Start of Block
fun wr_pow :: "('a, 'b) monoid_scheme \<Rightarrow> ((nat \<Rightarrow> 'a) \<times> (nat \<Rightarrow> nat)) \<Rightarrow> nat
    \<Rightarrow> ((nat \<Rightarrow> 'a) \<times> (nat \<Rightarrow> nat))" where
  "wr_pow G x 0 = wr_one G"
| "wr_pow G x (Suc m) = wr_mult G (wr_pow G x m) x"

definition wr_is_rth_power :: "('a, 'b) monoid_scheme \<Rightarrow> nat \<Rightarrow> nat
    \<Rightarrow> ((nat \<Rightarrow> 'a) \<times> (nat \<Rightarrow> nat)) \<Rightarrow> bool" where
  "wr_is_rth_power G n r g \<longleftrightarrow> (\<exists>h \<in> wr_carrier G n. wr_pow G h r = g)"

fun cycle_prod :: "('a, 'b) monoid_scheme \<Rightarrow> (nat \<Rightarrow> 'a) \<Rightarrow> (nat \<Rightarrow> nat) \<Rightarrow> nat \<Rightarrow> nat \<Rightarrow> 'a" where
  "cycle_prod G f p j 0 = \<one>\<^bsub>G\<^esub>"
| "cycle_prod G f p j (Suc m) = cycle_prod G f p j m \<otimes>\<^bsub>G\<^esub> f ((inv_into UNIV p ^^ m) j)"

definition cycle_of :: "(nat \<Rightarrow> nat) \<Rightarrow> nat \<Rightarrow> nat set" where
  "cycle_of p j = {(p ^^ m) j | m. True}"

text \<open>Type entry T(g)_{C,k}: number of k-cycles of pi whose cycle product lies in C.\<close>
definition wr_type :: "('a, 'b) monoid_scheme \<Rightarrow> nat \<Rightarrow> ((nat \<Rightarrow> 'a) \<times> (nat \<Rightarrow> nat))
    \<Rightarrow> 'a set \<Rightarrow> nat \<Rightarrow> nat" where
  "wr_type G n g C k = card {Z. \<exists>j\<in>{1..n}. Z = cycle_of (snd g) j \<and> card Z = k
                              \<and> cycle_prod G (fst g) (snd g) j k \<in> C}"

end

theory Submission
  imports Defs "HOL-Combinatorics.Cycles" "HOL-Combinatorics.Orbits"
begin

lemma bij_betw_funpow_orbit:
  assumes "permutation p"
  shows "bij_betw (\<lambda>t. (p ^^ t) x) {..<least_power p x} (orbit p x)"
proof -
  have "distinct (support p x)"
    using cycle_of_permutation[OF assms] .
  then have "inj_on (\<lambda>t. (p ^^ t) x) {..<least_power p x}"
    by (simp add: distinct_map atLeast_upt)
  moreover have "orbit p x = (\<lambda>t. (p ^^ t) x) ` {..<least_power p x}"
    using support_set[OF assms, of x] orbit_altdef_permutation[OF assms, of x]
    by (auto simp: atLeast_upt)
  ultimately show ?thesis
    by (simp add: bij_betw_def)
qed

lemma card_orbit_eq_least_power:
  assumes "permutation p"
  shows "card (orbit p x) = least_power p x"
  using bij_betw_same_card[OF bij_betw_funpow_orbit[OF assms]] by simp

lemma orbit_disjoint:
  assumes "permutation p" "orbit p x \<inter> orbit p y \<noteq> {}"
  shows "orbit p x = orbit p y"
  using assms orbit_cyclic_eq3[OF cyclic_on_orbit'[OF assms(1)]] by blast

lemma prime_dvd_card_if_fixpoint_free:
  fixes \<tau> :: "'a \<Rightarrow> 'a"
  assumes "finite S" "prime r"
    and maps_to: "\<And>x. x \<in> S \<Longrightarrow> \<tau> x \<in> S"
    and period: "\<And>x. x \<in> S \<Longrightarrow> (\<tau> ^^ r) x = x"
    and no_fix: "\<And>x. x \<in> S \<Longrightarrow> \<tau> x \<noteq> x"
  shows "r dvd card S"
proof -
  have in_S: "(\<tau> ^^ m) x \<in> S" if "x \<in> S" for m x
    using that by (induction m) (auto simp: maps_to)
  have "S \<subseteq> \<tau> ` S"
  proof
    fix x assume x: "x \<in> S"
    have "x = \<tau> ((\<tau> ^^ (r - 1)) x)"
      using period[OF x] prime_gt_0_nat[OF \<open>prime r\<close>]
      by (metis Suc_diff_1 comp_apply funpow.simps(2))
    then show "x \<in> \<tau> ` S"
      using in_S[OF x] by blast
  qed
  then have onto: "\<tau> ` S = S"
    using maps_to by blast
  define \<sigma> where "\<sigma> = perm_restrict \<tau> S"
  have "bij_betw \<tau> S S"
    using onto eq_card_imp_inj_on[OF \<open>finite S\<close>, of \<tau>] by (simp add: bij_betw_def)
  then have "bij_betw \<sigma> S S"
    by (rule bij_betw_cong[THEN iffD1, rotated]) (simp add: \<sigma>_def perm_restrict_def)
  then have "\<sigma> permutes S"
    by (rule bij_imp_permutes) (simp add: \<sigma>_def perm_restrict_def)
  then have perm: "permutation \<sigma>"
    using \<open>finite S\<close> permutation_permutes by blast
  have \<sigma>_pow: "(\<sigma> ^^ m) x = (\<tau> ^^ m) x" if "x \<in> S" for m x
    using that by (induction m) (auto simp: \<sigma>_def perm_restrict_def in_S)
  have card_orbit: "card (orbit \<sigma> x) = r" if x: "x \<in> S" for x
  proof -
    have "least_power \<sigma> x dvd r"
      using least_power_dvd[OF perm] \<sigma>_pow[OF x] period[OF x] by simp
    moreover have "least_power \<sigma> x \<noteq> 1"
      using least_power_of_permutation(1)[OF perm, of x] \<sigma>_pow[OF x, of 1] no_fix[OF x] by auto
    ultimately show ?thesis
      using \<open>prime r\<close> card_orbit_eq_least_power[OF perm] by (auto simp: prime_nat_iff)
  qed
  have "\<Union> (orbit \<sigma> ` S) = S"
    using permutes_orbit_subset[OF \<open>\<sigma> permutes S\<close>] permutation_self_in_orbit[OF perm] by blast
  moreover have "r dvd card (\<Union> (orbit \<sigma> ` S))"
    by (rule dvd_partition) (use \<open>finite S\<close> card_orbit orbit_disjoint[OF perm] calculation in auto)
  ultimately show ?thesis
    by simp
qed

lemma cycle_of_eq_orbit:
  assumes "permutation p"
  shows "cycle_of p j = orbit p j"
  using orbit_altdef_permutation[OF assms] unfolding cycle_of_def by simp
End of Block
:: What the task requires ::
What must be returned is only the number of lines in the records that hold the word "open".

:: Solved problem ::
7